慢性化している場合は無症状のこともありますが、体調不良や免疫力の変化をきっかけに急性増悪すると、激しい拍動痛や歯茎の腫れを引き起こします。神経は除去されているため虫歯の痛みはありませんが、炎症によって生じた膿瘍内の圧力上昇や歯根膜の炎症により、咬んだ時の痛みや歯の痛みが生じます。
この状態は自然治癒することは基本的に期待できず、原因である根管内の感染源を除去し、再感染を防ぐために再度の根管治療が必要となります。
【原因3】歯の根が割れている(歯根破折)
神経を取った歯(無髄歯)は、神経を取ったこと自体よりも、治療の過程で歯質が大きく失われていることにより、構造的に弱くなっていることが多くあります。
特に、歯の内部を大きく削ったり、硬い金属製の土台(メタルコア)を装着している場合、歯質との弾性差によって応力が集中しやすくなります。その結果、噛む力が繰り返し加わることで、歯の根が割れる「歯根破折」を生じることがあります。
歯根が破折すると、その亀裂を通じて細菌感染が拡大し、周囲の歯茎や骨に炎症を引き起こします。「特定の部位で強く噛むと痛む」「歯茎に瘻孔(おできのような排膿路)ができる」といった症状が特徴です。
垂直性歯根破折は予後不良であることが多く、破折が深く広範囲に及んでいる場合には、保存が困難となり抜歯が必要となるケースが多いのが現状です。
【原因4】噛み合わせの過剰な負担(咬合性外傷)
被せ物や詰め物の高さの不適合、あるいは歯ぎしりや食いしばりなどにより、特定の歯に過剰な力が持続的に加わる状態を「咬合性外傷(こうごうせいがいしょう)」といいます。
強い機械的負荷が歯根膜に加わると、歯根膜の圧迫や血流変化が生じ、歯を支える組織に痛みが発生します。これは細菌感染による炎症とは異なり、主に物理的ストレスによる組織反応です。
原因となる咬み合わせの不調和を調整したり、夜間のマウスピースの装着などで力を分散させたりすることで、症状が改善することが多いです。ただし、慢性的に強い力が加わっている場合は、歯根膜腔の拡大や歯の動揺がみられることもあります。

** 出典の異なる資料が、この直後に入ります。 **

lemma high_degree_finite_rank:
  assumes phi: "fin_dim s (range (\<phi>^^n\<^sub>1))" and psi: "fin_dim s (range (\<psi>^^n\<^sub>2))"
    and "f \<in> high_degree (n\<^sub>1 + n\<^sub>2)"
  shows "finite_rank s f"
  using assms(3)
proof (induction rule: high_degree.induct)
  case (monomial i j h)
  show ?case
  proof (cases "n\<^sub>1 \<le> i")
    case True
    then have "\<phi>^^i = (\<phi>^^n\<^sub>1) \<circ> (\<phi>^^(i - n\<^sub>1))"
      by (metis funpow_add le_add_diff_inverse)
    then have "range (\<lambda>x. (\<phi>^^i) ((\<psi>^^j) (h x))) \<subseteq> range (\<phi>^^n\<^sub>1)"
      by auto
    then show ?thesis
      using phi unfolding finite_rank_def by (rule fin_dim_subset)
  next
    case False
    with monomial have "n\<^sub>2 \<le> j"
      by linarith
    then have "\<psi>^^j = (\<psi>^^n\<^sub>2) \<circ> (\<psi>^^(j - n\<^sub>2))"
      by (metis funpow_add le_add_diff_inverse)
    then have "range (\<lambda>x. (\<psi>^^j) (h x)) \<subseteq> range (\<psi>^^n\<^sub>2)"
      by auto
    then have "finite_rank s (\<lambda>x. (\<psi>^^j) (h x))"
      using psi unfolding finite_rank_def by (rule fin_dim_subset)
    then show ?thesis
      by (rule finite_rank_comp_left[OF kalg_linear[OF funpow_in_kalg(1)]])
  qed
next
  case (add f g)
  from add.IH show ?case by (rule finite_rank_add)
next
  case (finite_rank_perturb g f)
  from finite_rank_add[OF this(3,2)] show ?case by simp
qed

end

theorem lemma3p4:
  fixes s :: "'k::field \<Rightarrow> 'v::ab_group_add \<Rightarrow> 'v" and \<phi> \<psi> :: "'v \<Rightarrow> 'v"
  assumes "vector_space s"
    and "Vector_Spaces.linear s s \<phi>" and "Vector_Spaces.linear s s \<psi>"
    and "finite_potent s \<phi>" and "finite_potent s \<psi>"
    and "finite_rank s (\<lambda>x. \<phi> (\<psi> x) - \<psi> (\<phi> x))"
  shows "finite_potent_subspace s (gen_space s \<phi> \<psi>)"
proof -
  interpret almost_commuting_pair s \<phi> \<psi>
    using assms unfolding almost_commuting_pair_def almost_commuting_pair_axioms_def
      linear_endo_pair_def linear_endo_pair_axioms_def by blast
  obtain n\<^sub>1 n\<^sub>2 where phi: "fin_dim s (range (\<phi>^^n\<^sub>1))" and psi: "fin_dim s (range (\<psi>^^n\<^sub>2))"
    using assms(4,5) unfolding finite_potent_def by blast
  have "fin_dim s (range (foldr (\<circ>) fs id))"
    if "length fs = n\<^sub>1 + n\<^sub>2" "set fs \<subseteq> gen_space s \<phi> \<psi>" for fs
  proof -
    have "foldr (\<circ>) fs id \<in> high_degree (n\<^sub>1 + n\<^sub>2)"
      using product_in_high_degree[OF that(2)] unfolding that(1) .
    then show ?thesis
      using high_degree_finite_rank[OF phi psi] unfolding finite_rank_def by blast
  qed
  then show ?thesis
    unfolding finite_potent_subspace_def
    by (intro conjI ballI allI impI exI[of _ "n\<^sub>1 + n\<^sub>2"] gen_space_linear gen_space_zero
        gen_space_add gen_space_scale) auto
qed

end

咬合性外傷そのものが歯周病を引き起こすわけではありませんが、既に歯周病がある場合には、症状を悪化させる要因となることがあります。
【原因5】重度歯周炎になっている
痛みの原因が歯の内部ではなく、歯を支える「歯茎」や「骨」にある場合があります。歯周病が進行すると、歯を支える骨が徐々に吸収され、歯が揺れてきます。
歯周病そのものは慢性的に進行する場合、痛みを伴わないことが多いですが、歯周ポケット内で急性の炎症や膿瘍が形成されると、腫れや強い痛みが出ることがあります。
根の先の炎症(根尖性歯周炎)と歯周病が連続している場合(歯内-歯周病変)は、病態に応じた診断が重要で、治療方針が複雑になることがあり、専門的な知識を持った医院にかからないと歯を残せない場合もあります。日頃のブラッシング不足や、定期的な歯周病のチェック、歯石を取ったりする歯周病の治療をきちんと受けることが重要です。
【原因6】歯以外が原因の痛み(非歯原性歯痛)
稀に、歯そのものに明らかな異常がないにもかかわらず、歯に痛みを感じることがあります。これを非歯原性歯痛(ひしげんせいしつう)といいます。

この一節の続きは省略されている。